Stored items
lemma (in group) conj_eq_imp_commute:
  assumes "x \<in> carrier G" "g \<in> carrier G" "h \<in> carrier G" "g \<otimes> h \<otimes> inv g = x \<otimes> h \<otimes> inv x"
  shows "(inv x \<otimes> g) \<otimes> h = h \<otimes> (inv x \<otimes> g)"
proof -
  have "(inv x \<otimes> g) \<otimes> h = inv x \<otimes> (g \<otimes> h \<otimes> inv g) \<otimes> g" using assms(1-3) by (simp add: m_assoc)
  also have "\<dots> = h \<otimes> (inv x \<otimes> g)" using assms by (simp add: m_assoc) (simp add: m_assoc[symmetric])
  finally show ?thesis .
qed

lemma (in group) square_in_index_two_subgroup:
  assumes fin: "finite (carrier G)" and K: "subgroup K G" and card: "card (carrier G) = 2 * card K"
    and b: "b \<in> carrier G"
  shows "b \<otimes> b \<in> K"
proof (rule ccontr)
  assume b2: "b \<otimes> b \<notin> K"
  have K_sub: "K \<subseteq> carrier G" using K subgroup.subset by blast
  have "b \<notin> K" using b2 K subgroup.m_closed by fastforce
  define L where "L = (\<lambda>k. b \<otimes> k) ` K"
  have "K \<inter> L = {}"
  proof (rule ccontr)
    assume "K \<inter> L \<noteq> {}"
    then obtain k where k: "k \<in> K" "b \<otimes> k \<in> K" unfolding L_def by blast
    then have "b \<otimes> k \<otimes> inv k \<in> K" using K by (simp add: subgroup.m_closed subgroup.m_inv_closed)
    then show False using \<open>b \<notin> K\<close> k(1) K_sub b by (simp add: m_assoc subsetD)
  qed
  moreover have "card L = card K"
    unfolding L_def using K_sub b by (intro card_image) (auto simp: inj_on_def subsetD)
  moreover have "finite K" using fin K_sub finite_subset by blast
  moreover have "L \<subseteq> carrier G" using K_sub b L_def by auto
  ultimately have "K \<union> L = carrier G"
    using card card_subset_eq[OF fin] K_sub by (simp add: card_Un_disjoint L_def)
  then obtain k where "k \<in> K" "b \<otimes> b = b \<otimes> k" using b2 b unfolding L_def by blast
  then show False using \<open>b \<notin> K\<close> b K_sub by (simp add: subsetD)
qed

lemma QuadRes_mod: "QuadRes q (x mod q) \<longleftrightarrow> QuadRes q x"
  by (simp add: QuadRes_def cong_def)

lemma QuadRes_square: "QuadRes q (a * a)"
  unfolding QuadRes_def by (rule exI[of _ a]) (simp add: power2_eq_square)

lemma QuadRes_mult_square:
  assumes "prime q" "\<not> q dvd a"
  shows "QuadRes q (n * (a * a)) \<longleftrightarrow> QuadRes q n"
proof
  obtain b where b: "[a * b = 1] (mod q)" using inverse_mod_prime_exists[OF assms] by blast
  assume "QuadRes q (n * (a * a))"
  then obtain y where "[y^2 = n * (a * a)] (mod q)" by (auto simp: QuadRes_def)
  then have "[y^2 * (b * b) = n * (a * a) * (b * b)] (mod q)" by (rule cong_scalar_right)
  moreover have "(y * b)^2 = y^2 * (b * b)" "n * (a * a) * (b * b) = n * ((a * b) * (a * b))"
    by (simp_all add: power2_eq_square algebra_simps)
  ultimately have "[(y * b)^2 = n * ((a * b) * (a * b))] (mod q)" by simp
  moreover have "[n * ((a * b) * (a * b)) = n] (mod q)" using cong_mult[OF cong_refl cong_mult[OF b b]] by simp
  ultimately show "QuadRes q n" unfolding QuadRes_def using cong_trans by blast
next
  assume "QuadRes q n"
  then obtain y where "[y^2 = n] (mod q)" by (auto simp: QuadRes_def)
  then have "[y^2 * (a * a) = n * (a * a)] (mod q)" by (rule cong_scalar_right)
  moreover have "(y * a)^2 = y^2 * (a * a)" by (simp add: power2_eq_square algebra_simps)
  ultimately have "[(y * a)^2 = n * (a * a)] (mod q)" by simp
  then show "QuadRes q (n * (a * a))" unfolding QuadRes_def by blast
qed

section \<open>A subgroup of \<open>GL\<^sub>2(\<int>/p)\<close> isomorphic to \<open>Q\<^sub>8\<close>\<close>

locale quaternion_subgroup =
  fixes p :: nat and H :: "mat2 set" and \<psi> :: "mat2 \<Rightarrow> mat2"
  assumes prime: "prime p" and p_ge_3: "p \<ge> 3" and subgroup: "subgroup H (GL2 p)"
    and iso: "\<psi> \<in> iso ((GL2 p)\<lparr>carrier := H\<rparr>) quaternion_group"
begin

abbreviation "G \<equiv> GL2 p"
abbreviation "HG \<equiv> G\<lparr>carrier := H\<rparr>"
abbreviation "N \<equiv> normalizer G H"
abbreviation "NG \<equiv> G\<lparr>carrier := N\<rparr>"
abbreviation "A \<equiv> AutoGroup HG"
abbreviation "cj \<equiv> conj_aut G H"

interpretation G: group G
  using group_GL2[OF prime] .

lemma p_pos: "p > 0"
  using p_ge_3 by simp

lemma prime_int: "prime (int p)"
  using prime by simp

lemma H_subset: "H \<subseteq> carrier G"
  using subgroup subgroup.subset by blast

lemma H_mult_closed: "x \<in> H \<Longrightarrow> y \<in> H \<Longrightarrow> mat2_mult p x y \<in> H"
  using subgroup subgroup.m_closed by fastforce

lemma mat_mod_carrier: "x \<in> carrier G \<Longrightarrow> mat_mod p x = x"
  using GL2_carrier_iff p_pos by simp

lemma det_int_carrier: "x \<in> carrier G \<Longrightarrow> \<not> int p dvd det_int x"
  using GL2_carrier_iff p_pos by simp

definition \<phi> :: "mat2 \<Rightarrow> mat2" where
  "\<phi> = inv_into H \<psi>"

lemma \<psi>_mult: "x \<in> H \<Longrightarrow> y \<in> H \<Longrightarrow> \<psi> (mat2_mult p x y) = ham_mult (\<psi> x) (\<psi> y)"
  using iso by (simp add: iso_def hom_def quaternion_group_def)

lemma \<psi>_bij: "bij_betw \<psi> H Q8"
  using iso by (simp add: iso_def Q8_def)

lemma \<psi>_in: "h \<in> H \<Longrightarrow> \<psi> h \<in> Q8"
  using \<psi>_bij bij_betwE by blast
--
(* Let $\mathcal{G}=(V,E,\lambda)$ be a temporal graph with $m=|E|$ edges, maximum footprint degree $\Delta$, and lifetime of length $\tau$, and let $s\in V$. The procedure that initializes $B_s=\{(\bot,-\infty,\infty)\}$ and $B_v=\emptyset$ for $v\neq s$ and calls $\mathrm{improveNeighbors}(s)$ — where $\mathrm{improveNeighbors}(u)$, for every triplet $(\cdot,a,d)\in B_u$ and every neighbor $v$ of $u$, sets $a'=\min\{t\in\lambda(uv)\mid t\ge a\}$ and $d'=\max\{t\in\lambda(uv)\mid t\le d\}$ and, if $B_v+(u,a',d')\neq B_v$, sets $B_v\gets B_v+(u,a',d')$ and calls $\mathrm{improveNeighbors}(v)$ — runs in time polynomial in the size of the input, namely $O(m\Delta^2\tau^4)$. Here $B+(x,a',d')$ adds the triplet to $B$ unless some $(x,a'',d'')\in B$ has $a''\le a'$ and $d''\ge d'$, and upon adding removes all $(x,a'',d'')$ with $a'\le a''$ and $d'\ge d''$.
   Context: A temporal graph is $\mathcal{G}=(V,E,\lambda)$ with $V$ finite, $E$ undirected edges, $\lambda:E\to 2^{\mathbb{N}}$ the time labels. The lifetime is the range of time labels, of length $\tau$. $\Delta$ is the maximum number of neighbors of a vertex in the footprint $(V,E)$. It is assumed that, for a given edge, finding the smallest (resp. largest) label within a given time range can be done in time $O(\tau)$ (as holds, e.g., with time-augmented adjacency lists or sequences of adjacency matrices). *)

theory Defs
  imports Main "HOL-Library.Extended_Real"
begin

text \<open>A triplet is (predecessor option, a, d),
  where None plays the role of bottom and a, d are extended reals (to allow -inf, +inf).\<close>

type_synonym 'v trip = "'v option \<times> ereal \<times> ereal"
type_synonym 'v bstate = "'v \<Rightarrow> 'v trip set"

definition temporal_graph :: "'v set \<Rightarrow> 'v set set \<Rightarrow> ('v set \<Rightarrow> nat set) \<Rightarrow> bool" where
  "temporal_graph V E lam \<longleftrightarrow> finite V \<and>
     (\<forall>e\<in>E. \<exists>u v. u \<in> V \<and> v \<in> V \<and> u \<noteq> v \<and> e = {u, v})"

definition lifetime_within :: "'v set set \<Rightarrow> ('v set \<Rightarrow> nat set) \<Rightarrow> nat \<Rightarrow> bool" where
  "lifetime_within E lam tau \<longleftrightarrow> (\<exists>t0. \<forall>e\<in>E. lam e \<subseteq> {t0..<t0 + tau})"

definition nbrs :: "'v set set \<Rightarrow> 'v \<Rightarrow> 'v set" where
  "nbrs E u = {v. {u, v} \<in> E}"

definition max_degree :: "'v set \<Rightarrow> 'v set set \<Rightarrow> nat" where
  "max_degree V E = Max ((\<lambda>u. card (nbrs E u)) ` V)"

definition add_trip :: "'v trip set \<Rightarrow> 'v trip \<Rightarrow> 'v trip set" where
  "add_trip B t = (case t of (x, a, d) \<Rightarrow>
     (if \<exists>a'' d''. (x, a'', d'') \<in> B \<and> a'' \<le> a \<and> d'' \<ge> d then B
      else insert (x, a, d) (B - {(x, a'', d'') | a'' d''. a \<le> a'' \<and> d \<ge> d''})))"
---
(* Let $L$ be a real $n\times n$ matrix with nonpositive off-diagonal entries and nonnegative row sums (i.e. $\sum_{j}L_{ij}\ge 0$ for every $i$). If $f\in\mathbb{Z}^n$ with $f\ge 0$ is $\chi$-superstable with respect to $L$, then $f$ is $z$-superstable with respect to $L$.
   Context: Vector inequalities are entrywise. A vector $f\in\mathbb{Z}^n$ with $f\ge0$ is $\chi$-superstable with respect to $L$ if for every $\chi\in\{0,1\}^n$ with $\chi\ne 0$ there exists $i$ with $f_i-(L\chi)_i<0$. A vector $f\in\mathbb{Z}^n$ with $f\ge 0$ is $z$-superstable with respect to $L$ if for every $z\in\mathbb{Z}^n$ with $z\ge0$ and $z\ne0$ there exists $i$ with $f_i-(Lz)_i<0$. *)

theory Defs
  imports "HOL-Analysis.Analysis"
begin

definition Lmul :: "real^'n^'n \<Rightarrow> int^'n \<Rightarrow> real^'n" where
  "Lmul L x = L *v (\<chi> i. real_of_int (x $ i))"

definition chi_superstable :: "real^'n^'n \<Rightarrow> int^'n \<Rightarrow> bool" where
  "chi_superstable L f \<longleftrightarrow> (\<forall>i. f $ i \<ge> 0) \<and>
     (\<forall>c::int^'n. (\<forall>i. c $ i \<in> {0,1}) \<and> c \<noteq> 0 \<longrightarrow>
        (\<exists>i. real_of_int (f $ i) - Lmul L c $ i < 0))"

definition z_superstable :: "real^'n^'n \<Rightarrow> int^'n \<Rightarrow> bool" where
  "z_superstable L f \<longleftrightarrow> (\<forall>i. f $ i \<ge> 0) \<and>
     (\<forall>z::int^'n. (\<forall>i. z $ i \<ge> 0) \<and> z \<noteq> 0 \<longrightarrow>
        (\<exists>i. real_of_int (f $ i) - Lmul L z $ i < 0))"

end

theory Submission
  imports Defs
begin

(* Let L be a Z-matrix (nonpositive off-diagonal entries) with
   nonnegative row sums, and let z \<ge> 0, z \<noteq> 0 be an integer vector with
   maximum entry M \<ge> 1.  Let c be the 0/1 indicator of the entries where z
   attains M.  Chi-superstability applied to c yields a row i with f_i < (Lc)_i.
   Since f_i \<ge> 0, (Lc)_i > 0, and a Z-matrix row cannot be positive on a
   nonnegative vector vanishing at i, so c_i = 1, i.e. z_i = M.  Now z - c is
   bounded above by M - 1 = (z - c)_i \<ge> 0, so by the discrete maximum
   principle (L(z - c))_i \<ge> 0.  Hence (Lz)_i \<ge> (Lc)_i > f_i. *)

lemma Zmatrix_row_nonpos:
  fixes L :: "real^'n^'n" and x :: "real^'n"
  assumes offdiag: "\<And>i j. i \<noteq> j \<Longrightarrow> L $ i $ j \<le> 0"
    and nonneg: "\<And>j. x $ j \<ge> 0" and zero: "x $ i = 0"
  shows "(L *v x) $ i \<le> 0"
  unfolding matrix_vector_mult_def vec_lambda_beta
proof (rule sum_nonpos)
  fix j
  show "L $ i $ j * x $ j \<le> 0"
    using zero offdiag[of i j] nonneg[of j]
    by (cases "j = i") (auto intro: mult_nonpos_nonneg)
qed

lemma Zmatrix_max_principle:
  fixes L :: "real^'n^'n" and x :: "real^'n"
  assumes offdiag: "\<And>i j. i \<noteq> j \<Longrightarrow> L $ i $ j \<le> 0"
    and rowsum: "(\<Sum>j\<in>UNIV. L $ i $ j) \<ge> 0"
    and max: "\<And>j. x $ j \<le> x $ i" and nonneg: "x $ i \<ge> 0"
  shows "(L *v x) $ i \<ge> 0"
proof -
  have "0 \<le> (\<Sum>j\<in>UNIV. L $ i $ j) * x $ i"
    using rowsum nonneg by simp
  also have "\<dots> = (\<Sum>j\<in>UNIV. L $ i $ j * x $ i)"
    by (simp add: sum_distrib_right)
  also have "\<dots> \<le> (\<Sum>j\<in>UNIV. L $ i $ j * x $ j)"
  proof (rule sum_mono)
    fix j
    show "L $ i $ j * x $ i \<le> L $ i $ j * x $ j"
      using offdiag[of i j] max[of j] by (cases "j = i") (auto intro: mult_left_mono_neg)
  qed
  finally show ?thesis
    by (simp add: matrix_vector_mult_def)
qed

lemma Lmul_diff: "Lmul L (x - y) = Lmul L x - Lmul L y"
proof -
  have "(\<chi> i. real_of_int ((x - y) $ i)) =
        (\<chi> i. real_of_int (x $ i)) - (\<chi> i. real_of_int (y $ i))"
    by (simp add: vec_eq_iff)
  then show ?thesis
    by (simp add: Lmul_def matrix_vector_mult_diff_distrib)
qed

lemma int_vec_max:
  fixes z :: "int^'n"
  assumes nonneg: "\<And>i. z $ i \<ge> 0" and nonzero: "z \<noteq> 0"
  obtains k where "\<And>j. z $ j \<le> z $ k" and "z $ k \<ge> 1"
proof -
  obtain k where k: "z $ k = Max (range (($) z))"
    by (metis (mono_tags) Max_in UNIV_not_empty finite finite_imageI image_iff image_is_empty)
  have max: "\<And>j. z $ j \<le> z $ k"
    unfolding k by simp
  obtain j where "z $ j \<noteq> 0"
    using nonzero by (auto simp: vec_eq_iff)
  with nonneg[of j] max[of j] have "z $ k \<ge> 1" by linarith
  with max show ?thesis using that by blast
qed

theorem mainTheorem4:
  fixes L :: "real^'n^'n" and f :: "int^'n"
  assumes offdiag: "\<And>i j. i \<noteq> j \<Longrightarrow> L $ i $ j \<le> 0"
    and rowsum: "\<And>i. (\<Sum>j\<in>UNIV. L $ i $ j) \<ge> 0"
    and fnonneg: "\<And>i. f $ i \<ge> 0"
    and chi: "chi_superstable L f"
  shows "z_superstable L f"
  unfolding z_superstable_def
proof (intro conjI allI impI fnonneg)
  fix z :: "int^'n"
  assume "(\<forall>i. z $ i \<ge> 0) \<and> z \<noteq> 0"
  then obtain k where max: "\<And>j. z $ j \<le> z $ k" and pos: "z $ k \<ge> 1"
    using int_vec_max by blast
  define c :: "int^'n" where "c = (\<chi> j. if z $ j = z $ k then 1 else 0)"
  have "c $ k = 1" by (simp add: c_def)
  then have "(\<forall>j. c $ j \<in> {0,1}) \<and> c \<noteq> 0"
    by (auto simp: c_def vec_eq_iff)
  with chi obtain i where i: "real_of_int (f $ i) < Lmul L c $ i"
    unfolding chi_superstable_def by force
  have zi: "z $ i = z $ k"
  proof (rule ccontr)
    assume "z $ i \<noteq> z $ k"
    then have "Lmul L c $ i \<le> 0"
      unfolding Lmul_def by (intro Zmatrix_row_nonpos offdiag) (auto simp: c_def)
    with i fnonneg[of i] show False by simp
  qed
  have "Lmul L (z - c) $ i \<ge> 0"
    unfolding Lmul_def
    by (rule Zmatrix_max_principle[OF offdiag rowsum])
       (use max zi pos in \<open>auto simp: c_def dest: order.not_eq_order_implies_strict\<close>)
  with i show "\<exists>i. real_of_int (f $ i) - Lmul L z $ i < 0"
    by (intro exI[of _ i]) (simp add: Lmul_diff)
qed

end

| Problem to solve |
Every line of the entries above that contains the word "else" must be tallied, and the number alone reported.

| Task result |
2